Dans le domaine du crédit, on appelle “gestion du risque” la stratégie qui consiste à distinguer ceux qui vont obtenir le prêt (c’est- à-dire les bons risques) des autres. Il est évident que par “bons risques”, on entend les clients qui sont les plus à mêmes de payer convenablement leurs mensualités sur les moyen et long termes. Voici quelques informations de base pour faire partie des heureux élus.
Pouvoir démontrer un bon comportement financier est le premier critère des banques. Le système bancaire canadien permet d’enregistrer automatiquement le comportement de tous les individus qui ont (ou qui ont ont eu) une obligation quelconque envers une institution financière reconnue dans le pays. Par “obligation” on entend une carte de crédit, un prêt automobile, un prêt étudiant ou toute autre forme de crédit à la consommation. Le système dans lequel apparaissent ces informations est appelé le “bureau de crédit”. Il existe au Canada 2 sociétés concurrentes qui enregistrent et publient ces informations: Equifax et Transunion. Il est primordial de se bâtir un historique de crédit favorable avant de postuler pour une hypothèque. Votre historique de crédit signale votre aptitude (ou inaptitude) à gérer vos finances personnelles de façon saine. Attention, se bâtir un historique de crédit ne signifie certainement pas accumuler les dettes. Une seule carte de crédit, faiblement utilisée, envoie un signal positif aux créanciers: vos revenus et vos liquidités actuelles suffisent pour vos dépenses courantes. Pour les jeunes adultes et les nouveaux arrivants au Canada, l’idéal serait de justifier d’un minimum de 12 mois au bureau de crédit.
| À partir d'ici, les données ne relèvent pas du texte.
lemma ennreal_le_divide_ennreal:
  assumes "0 < b" "b \<le> c" "ennreal a \<le> I" "0 \<le> a"
  shows "ennreal (a / c) \<le> I / ennreal b"
proof (cases I)
  case (real i)
  with assms have "a \<le> i" "0 \<le> i" by (auto simp: ennreal_le_iff2)
  then have "a / c \<le> i / b" using assms by (intro frac_le) auto
  then show ?thesis using real assms by (simp add: divide_ennreal)
next
  case top
  then show ?thesis using assms by (simp add: ennreal_top_divide)
qed

lemma ennreal_powr_le_enn_rpow:
  assumes "ennreal a \<le> I" "0 \<le> a" "0 < s"
  shows "ennreal (a powr s) \<le> enn_rpow I s"
proof (cases "I = \<infinity>")
  case False
  then obtain i where i: "I = ennreal i" "0 \<le> i" by (cases I) auto
  with assms have "a powr s \<le> i powr s" by (intro powr_mono2) (auto simp: ennreal_le_iff2)
  then show ?thesis using i False by (simp add: enn_rpow_def)
qed (simp add: enn_rpow_def)

lemma mult_le_of_ennreal_eq_mult:
  assumes "ennreal a = ennreal c * W" "ennreal L \<le> W" "0 \<le> L" "k \<le> c" "0 \<le> k" "0 \<le> a"
  shows "k * L \<le> a"
proof -
  have "ennreal (k * L) = ennreal k * ennreal L" using assms by (simp add: ennreal_mult)
  also have "\<dots> \<le> ennreal c * W" using assms by (intro mult_mono) auto
  also have "\<dots> = ennreal a" using assms(1) by simp
  finally show ?thesis using assms(6) by (subst (asm) ennreal_le_iff) auto
qed

(* Only the scales t \<in> [2r, 4r] are used: there the balls have radius comparable to r,
  and the t-integral over this range of dt/t contributes a factor comparable to 1. *)
lemma wolff_ge_of_ball_integral_ge:
  fixes f :: "real^'n \<Rightarrow> real" and x :: "real^'n"
  assumes r: "r > 0" and \<gamma>: "\<gamma> > 1" and d: "\<beta> * \<gamma> < real CARD('n)" and A: "A > 0"
    and ball: "\<And>t. 2*r \<le> t \<Longrightarrow> t \<le> 4*r \<Longrightarrow>
      ennreal (A * r powr E) \<le> (\<integral>\<^sup>+ y. indicator (ball x t) y * ennreal (f y) \<partial>lebesgue)"
  shows "ennreal ((A * 4 powr (-(real CARD('n) - \<beta> * \<gamma>))) powr (1/(\<gamma>-1)) / 2
           * r powr ((E - (real CARD('n) - \<beta> * \<gamma>))/(\<gamma>-1))) \<le> wolff \<beta> \<gamma> f x"
proof -
  define d where "d = real CARD('n) - \<beta> * \<gamma>"
  have "d > 0" using d by (simp add: d_def)
  define L where "L = ((A * r powr E / (4*r) powr d) powr (1/(\<gamma>-1))) / (4*r)"
  have "L \<ge> 0" unfolding L_def using r by simp
  have integrand: "ennreal L * indicator {2*r..4*r} t \<le>
      indicator {0<..} t *
        (enn_rpow ((\<integral>\<^sup>+ y. indicator (ball x t) y * ennreal (f y) \<partial>lebesgue)
                     / ennreal (t powr (real CARD('n) - \<beta> * \<gamma>))) (1 / (\<gamma> - 1))
         / ennreal t)" for t
  proof (cases "2*r \<le> t \<and> t \<le> 4*r")
    case True
    then have t: "t > 0" using r by auto
    let ?I = "\<integral>\<^sup>+ y. indicator (ball x t) y * ennreal (f y) \<partial>lebesgue"
    have "ennreal (A * r powr E / (4*r) powr d) \<le> ?I / ennreal (t powr d)"
      using True t A r \<open>d > 0\<close> by (intro ennreal_le_divide_ennreal ball powr_mono2) auto
    then have "ennreal ((A * r powr E / (4*r) powr d) powr (1/(\<gamma>-1))) \<le>
        enn_rpow (?I / ennreal (t powr d)) (1/(\<gamma>-1))"
      using \<gamma> A r by (intro ennreal_powr_le_enn_rpow) auto
    then have "ennreal L \<le> enn_rpow (?I / ennreal (t powr d)) (1/(\<gamma>-1)) / ennreal t"
      unfolding L_def using True t by (intro ennreal_le_divide_ennreal) auto
    then show ?thesis using True t by (simp add: d_def)
  qed simp
  have "ennreal L * ennreal (2*r) = (\<integral>\<^sup>+ t. ennreal L * indicator {2*r..4*r} t \<partial>lborel)"
    using r by (simp add: nn_integral_cmult_indicator)
  also have "\<dots> \<le> wolff \<beta> \<gamma> f x"
    unfolding wolff_def by (intro nn_integral_mono integrand)
  finally have W: "ennreal (L * (2*r)) \<le> wolff \<beta> \<gamma> f x"
    using \<open>L \<ge> 0\<close> r by (simp add: ennreal_mult)
  have "A * r powr E / (4*r) powr d = (A * 4 powr (-d)) * r powr (E - d)"
    using r by (simp add: powr_mult powr_diff powr_minus divide_simps)
  then have "(A * r powr E / (4*r) powr d) powr (1/(\<gamma>-1)) =
      (A * 4 powr (-d)) powr (1/(\<gamma>-1)) * r powr ((E - d)/(\<gamma>-1))"
    using r A by (simp add: powr_mult powr_powr)
  then have "L * (2*r) = (A * 4 powr (-d)) powr (1/(\<gamma>-1)) / 2 * r powr ((E - d)/(\<gamma>-1))"
    unfolding L_def using r by (simp add: field_simps)
  with W show ?thesis by (simp add: d_def)
qed

lemma wolff_equation_decay_exponent_le:
  fixes w c f :: "real^'n \<Rightarrow> real"
  assumes eq: "AE x in lebesgue. ennreal (w x) = ennreal (c x) * wolff \<beta> \<gamma> f x"
    and \<gamma>: "\<gamma> > 1" and d: "\<beta> * \<gamma> < real CARD('n)"
    and C: "C > 0" "\<And>x. 1/C \<le> c x" and w_nonneg: "\<And>x. 0 \<le> w x"
    and Cw: "Cw > 0" and upper: "\<And>x. norm x \<ge> R \<Longrightarrow> w x \<le> Cw * norm x powr (-\<theta>)"
    and A: "A > 0"
    and ball: "\<And>x t. norm x \<ge> R' \<Longrightarrow> 2 * norm x \<le> t \<Longrightarrow> t \<le> 4 * norm x \<Longrightarrow>
       ennreal (A * norm x powr E) \<le> (\<integral>\<^sup>+ y. indicator (ball x t) y * ennreal (f y) \<partial>lebesgue)"
  shows "(E - (real CARD('n) - \<beta> * \<gamma>)) / (\<gamma> - 1) \<le> -\<theta>"
proof -
  define B where "B = (A * 4 powr (-(real CARD('n) - \<beta> * \<gamma>))) powr (1/(\<gamma>-1)) / 2"
  have "B > 0" using A by (simp add: B_def)
  then have K: "1/C * B > 0" using C by simp
  show ?thesis
  proof (rule powr_exponent_le_of_frequently_le[OF K Cw])
    fix R'' :: real
    obtain x :: "real^'n" where x: "norm x \<ge> max R'' (max 1 (max R R'))"
      and eqx: "ennreal (w x) = ennreal (c x) * wolff \<beta> \<gamma> f x"
      using AE_lebesgue_exists_norm_ge[OF eq] by blast
    have "ennreal (B * norm x powr ((E - (real CARD('n) - \<beta> * \<gamma>)) / (\<gamma> - 1))) \<le> wolff \<beta> \<gamma> f x"
      unfolding B_def using x by (intro wolff_ge_of_ball_integral_ge \<gamma> d A ball) auto
    then have "1/C * (B * norm x powr ((E - (real CARD('n) - \<beta> * \<gamma>)) / (\<gamma> - 1))) \<le> w x"
      by (rule mult_le_of_ennreal_eq_mult[OF eqx]) (use C w_nonneg \<open>B > 0\<close> in auto)
    also have "\<dots> \<le> Cw * norm x powr (-\<theta>)" using upper x by auto
    finally show "\<exists>r\<ge>R''. r > 0 \<and> 1/C * B * r powr ((E - (real CARD('n) - \<beta> * \<gamma>)) / (\<gamma> - 1))
        \<le> Cw * r powr (-\<theta>)"
      using x by (intro exI[of _ "norm x"]) auto
  qed
qed

(* A single fixed annulus inside B(x,t) already gives W(f)(x) \<gtrsim> |x|^(-(n-\<beta>\<gamma>)/(\<gamma>-1)). *)
lemma wolff_solution_decay_exponent_le_critical:
  fixes w c z :: "real^'n \<Rightarrow> real"
  assumes eq: "AE x in lebesgue. ennreal (w x) = ennreal (c x) * wolff \<beta> \<gamma> (\<lambda>y. norm y powr \<sigma> * z y powr s) x"
    and \<gamma>: "\<gamma> > 1" and d: "\<beta> * \<gamma> < real CARD('n)"
    and C: "C > 0" "\<And>x. 1/C \<le> c x" and w_nonneg: "\<And>x. 0 \<le> w x"
    and Cw: "Cw > 0" and upper: "\<And>x. norm x \<ge> R \<Longrightarrow> w x \<le> Cw * norm x powr (-\<theta>)"
    and Cz: "Cz > 0" and \<theta>z: "\<theta>z \<ge> 0" and s: "s > 0"
    and lower: "\<And>y. norm y \<ge> Rz \<Longrightarrow> (1/Cz) * norm y powr (-\<theta>z) \<le> z y"
  shows "\<theta> \<le> (real CARD('n) - \<beta> * \<gamma>) / (\<gamma> - 1)"
proof -
  obtain K where K: "K > 0" and ball: "\<And>\<rho> S. \<rho> > 0 \<Longrightarrow> \<rho> \<ge> Rz \<Longrightarrow> ball 0 (2*\<rho>) - ball 0 \<rho> \<subseteq> S \<Longrightarrow>
      ennreal (K * \<rho> powr (\<sigma> - \<theta>z * s + DIM(real^'n)))
        \<le> (\<integral>\<^sup>+ y. indicator S y * ennreal (norm y powr \<sigma> * z y powr s) \<partial>lebesgue)"
    using ball_integral_weighted_power_ge[OF Cz \<theta>z s lower] by blast
  define \<rho> where "\<rho> = max Rz 1"
  define A where "A = K * \<rho> powr (\<sigma> - \<theta>z * s + DIM(real^'n))"
  have "(0 - (real CARD('n) - \<beta> * \<gamma>)) / (\<gamma> - 1) \<le> -\<theta>"
  proof (rule wolff_equation_decay_exponent_le[OF eq \<gamma> d C w_nonneg Cw upper])
    show "A > 0" using K by (simp add: A_def \<rho>_def)
    fix x :: "real^'n" and t assume x: "norm x \<ge> 2 * \<rho>" and t: "2 * norm x \<le> t"
    have \<rho>: "\<rho> > 0" "\<rho> \<ge> Rz" by (auto simp: \<rho>_def)
    have "ball 0 (2*\<rho>) - ball 0 \<rho> \<subseteq> ball x t"
      using x t by (rule annulus_subset_ball)
    from ball[OF \<rho> this] show "ennreal (A * norm x powr 0)
        \<le> (\<integral>\<^sup>+ y. indicator (ball x t) y * ennreal (norm y powr \<sigma> * z y powr s) \<partial>lebesgue)"
      using x \<rho> by (simp add: A_def)
  qed
  then show ?thesis by (smt (verit) minus_divide_left)
qed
Pour ceux qui ont déjà eu des problèmes de crédit antérieurs (faillite ou collections), il vaut mieux pouvoir prouver que l’on a été capable de payer une dette sans aucun retard, durant 2 ans après vos difficultés financières. C’est ce que les préteurs appellent “avoir refait son crédit”.
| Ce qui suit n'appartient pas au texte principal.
(* Let $G$ be a finitely generated group and let $E$ be a finite right zero semigroup. Then $|\Omega(G\times E)|=|\Omega G|$.
   Context: A right zero semigroup is a semigroup $E$ with $ef=f$ for all $e,f\in E$; $G\times E$ is the direct product semigroup. A digraph on $\Omega$ is a subset $\Gamma\subseteq\Omega\times\Omega$. A path is a sequence of pairwise distinct vertices $(v_0,v_1,\ldots)$ with $(v_i,v_{i+1})\in\Gamma$ (length 0 allowed); a ray is an infinite path; an anti-ray is an infinite sequence of distinct vertices with $(v_{i+1},v_i)\in\Gamma$. For infinite $\Sigma',\Sigma\subseteq\Omega$, $\Sigma'\preccurlyeq\Sigma$ means there are infinitely many pairwise vertex-disjoint paths from vertices of $\Sigma'$ to vertices of $\Sigma$. On rays and anti-rays $\preccurlyeq$ is a preorder with associated equivalence $\approx$; the ends are the $\approx$-classes of rays and anti-rays, and $\Omega\Gamma$ denotes the poset of ends. The right Cayley graph $\Gamma_r(S,A)$ has vertex set $S$ and edges $(x,xa)$, $x\in S$, $a\in A$. For a finitely generated semigroup $S$ (in particular a finitely generated group regarded as a semigroup), $\Omega S:=\Omega\Gamma_r(S,A)$ for any finite semigroup generating set $A$ (well defined up to isomorphism). *)

theory Defs
  imports "HOL-Algebra.Generated_Groups" "HOL-Library.Equipollence"
begin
Maintenant que la banque est convaincue que vous êtes un bon payeur, il lui reste maintenant à déterminer votre capacité à payer votre hypothèque. Autrement dit, avez vous les moyens de payer le montant que vous demandez? C’est ce que l’on appelle votre “capacité de remboursement”. Logiquement, vous devriez vous assurer au préalable de pouvoir intégrer vos mensualités dans votre budget avant même de rencontrer qui que ce soit. Après tout, qui connait le mieux votre budget: votre banquier ou vous même? C’est ici que sera revue votre stabilité d’emploi et de revenus. Notez que les banques considèrent comme revenu uniquement les sommes qui sont déclarées et imposables au Canada. Sauf cas exceptionnels, elle ne basera donc pas son accord sur la base des transferts que votre tante vous envoie d'afrique ou de votre pension de retraite versée sur votre compte en Europe. Toutefois, la confirmation des dépôts réguliers sur votre relevé de compte canadien ne pourra que jouer en votre faveur lors de l’analyse de votre capacité de remboursement. Les travailleurs autonomes (ceux qui sont à leur propre compte) et ceux qui travaillent à commission devront justifier leur revenu imposable des 2 dernières années, soit avec les déclarations d'impôt, soit avec les avis de cotisation. Si votre entreprise a été crée il y a moins d’une année, attendez vous à donner une mise de fonds significative (environs35%) ou à présenter un co-signataire. Il n’existe en effet aucun moyen de confirmer vos revenus imposables.
Le ralentissement de l’économie canadienne à sans aucun doute donné l’avantage aux acheteurs sur le marche immobilier. En revanche, les banques ont adopté depuis quelques mois un comportement plus prudent dans leur stratégie d’octroi du crédit. L’obtention des clefs de votre future résidence passe donc, plus que jamais, par une bonne compréhension de ce raisonnement.